Robots of any kind freely roaming inside the cells of the human body.
Polymorphic robots.
Robotic Viruses.

 


Posted by sholar (Member # 3280) on :
 
There is some really cool research on cancer therapy with nanotech. An antibody is attached to a "ball". The antibody targets the nanoball to a cancer cell, where it is brought into the cell. Then you send a specific light wavelength at it, which reacts with the ball, and heats up the cell, killing it. Targeted destruction. I think it has been tested in mice but I am too lazy to look it up (or walk to the other side of the building and ask the lab- though that isn't laziness- they are the evil bioe people and a biochem person could never willingly talk to a bioe person.
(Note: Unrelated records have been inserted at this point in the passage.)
lemma height_Suc: "height m (Suc u) = height m u \<or> height m (Suc u) = Suc (height m u)"
proof (cases m rule: index_cases)
  case cycle then show ?thesis by (simp add: height_cycle; arith)
next
  case pivot then show ?thesis using jogged_Suc[of b u] by (auto simp: height_pivot min_def)
next
  case slope then show ?thesis using jogged_Suc[of m u] by (simp add: height_slope)
next
  case before then show ?thesis by (simp add: height_outer; arith)
next
  case after then show ?thesis by (simp add: height_outer; arith)
qed

lemma height_last_diag:
  assumes "1 \<le> m" "m \<le> n"
  shows "(last_diag m - height m (last_diag m), height m (last_diag m)) = terminal n lam beta (cyc m)"
proof (cases m rule: index_cases)
  case before
  then show ?thesis using beta_bounds[of m] assms a_less_b
    by (simp add: height_outer last_diag_outer cyc_def terminal_def; arith)
next
  case cycle
  have "lam (Suc m) = L" "Suc m \<le> beta (Suc m)"
    using cycle b_le_q q_le_n lam_block[of "Suc m"] beta_bounds[of "Suc m"] by auto
  with cycle show ?thesis using L_pos
    by (simp add: height_cycle last_diag_cycle cyc_def terminal_def turn_def; arith)
next
  case pivot
  have diag: "last_diag b - turn = beta a - a + 1"
    using beta_a_bounds L_pos by (simp add: last_diag_pivot turn_def; arith)
  then have "jog \<le> last_diag b - turn"
    using a_less_b beta_a_bounds by (simp add: jog_def; arith)
  then have "height b (last_diag b) = beta a"
    using diag a_less_b beta_a_bounds by (simp add: height_pivot jogged_def; arith)
  moreover have "lam a = L" using a_less_b b_le_q by (intro lam_block) auto
  ultimately show ?thesis
    using pivot a_less_b beta_a_bounds by (simp add: last_diag_pivot cyc_def terminal_def; arith)
next
  case slope
  have above: "beta b + m < beta m + b" using slope_b_less slope by simp
  then have "m \<le> beta m" using beta_a_bounds by simp
  moreover have "lam m = L" using slope a_less_b by (intro lam_block) auto
  moreover have diag: "last_diag m - turn = beta m - m + 1"
    using slope \<open>m \<le> beta m\<close> L_pos by (simp add: last_diag_slope turn_def; arith)
  moreover have "jog \<le> last_diag m - turn"
    using diag above beta_a_bounds \<open>m \<le> beta m\<close> by (simp add: jog_def; arith)
  ultimately show ?thesis using slope a_less_b
    by (simp add: height_slope last_diag_slope jogged_def cyc_def terminal_def; arith)
next
  case after
  then show ?thesis using beta_bounds[of m] assms a_less_b b_le_q
    by (simp add: height_outer last_diag_outer cyc_def terminal_def; arith)
qed

lemma height_less_before:
  assumes m: "1 \<le> m" "m < a" and m': "m < m'" "m' \<le> n" and u: "u \<le> last_diag m'"
  shows "height m u < height m' u"
proof -
  have "lam m' \<le> lam m" "L \<le> lam m" using lam_antimono lam_before m m' by auto
  then have below: "height m u \<le> m + (u - (n + L))" using m by (simp add: height_outer; arith)
  show ?thesis
  proof (cases m' rule: index_cases)
    case before then show ?thesis
      using \<open>lam m' \<le> lam m\<close> m m' by (simp add: height_outer; arith)
  next
    case cycle then show ?thesis using below turn_eq m by (simp add: height_cycle; arith)
  next
    case pivot
    have "height m u < beta a"
      using below u m pivot beta_a_bounds by (simp add: last_diag_pivot; arith)
    moreover have "height m u < jogged b u" using below jogged_ge_outer[of b u] m pivot a_less_b by simp
    ultimately show ?thesis by (simp add: pivot height_pivot)
  next
    case slope then show ?thesis using below jogged_ge_outer[of m' u] m' by (simp add: height_slope)
  next
    case after then show ?thesis
      using \<open>lam m' \<le> lam m\<close> m m' by (simp add: height_outer; arith)
  qed
qed

lemma height_less_cycle:
  assumes m: "a \<le> m" "m < b" and m': "m < m'" "m' \<le> n" and u: "u \<le> last_diag m"
  shows "height m u < height m' u"
proof (cases m' rule: index_cases)
  case cycle then show ?thesis using m m' by (simp add: height_cycle)
next
  case pivot
  have "Suc m \<le> beta (Suc m)" using beta_bounds[of "Suc m"] m b_le_q q_le_n a_pos by simp
  then have diag: "u - turn \<le> beta (Suc m) - m" using u m turn_eq by (simp add: last_diag_cycle; arith)
  have "beta (Suc m) < beta a" using beta_less_beta_a[of "Suc m"] m by simp
  then have "m + (u - turn) < beta a" using diag \<open>Suc m \<le> beta (Suc m)\<close> by arith
  moreover have "m + (u - turn) < jogged b u"
  proof (cases "u - turn < jog")
    case True then show ?thesis using jogged_before_jog[of u b] m by simp
  next
    case False
    have "Suc m \<noteq> b"
    proof
      assume "Suc m = b"
      then show False using diag False beta_a_bounds by (simp add: jog_def; arith)
    qed
    then show ?thesis using jogged_after_jog[of u b] m False by simp
  qed
  ultimately show ?thesis using m pivot by (simp add: height_cycle height_pivot)
next
  case slope then show ?thesis
    using jogged_ge[of m' u] m by (simp add: height_cycle height_slope; arith)
next
  case after
  then have "lam m' < L" using lam_after m' by simp
  then show ?thesis using m after turn_eq b_le_q by (simp add: height_cycle height_outer; arith)
qed (use m m' in simp)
Though bioe are preferable to eeb )

[This message has been edited by sholar (edited August 11, 2006).]
 


Posted by Jammrock (Member # 3293) on :
 
quote:
What I don't expect:
Nanites: Microcscopic robots with a built in computer capable of artifical intelligence.


The theory behind nanites isn't that a single nanite is capable of of artifical intelligence, but as a computer cluster or hive mind the whole would be capable of it. Though I agree I wouldn't expect it any time soon.
 
Posted by Aust Alien (Member # 3493) on :
 
quote:
Relativity for dummies.

Driving on the highway, travelling at 75 MPH a car passes you doing 76. They take forever to pass you because they are going one mile per hour relative to your speed.

A car passes you doing 95 and you think they are insane.

A guy standing on the side of the road, looks pretty much the same from 400 yards away as from three hundred yards away, but as you get closer, he becomes more of a blur as you whoosh by.

That's relativity. Now expand those speeds to celestial speeds.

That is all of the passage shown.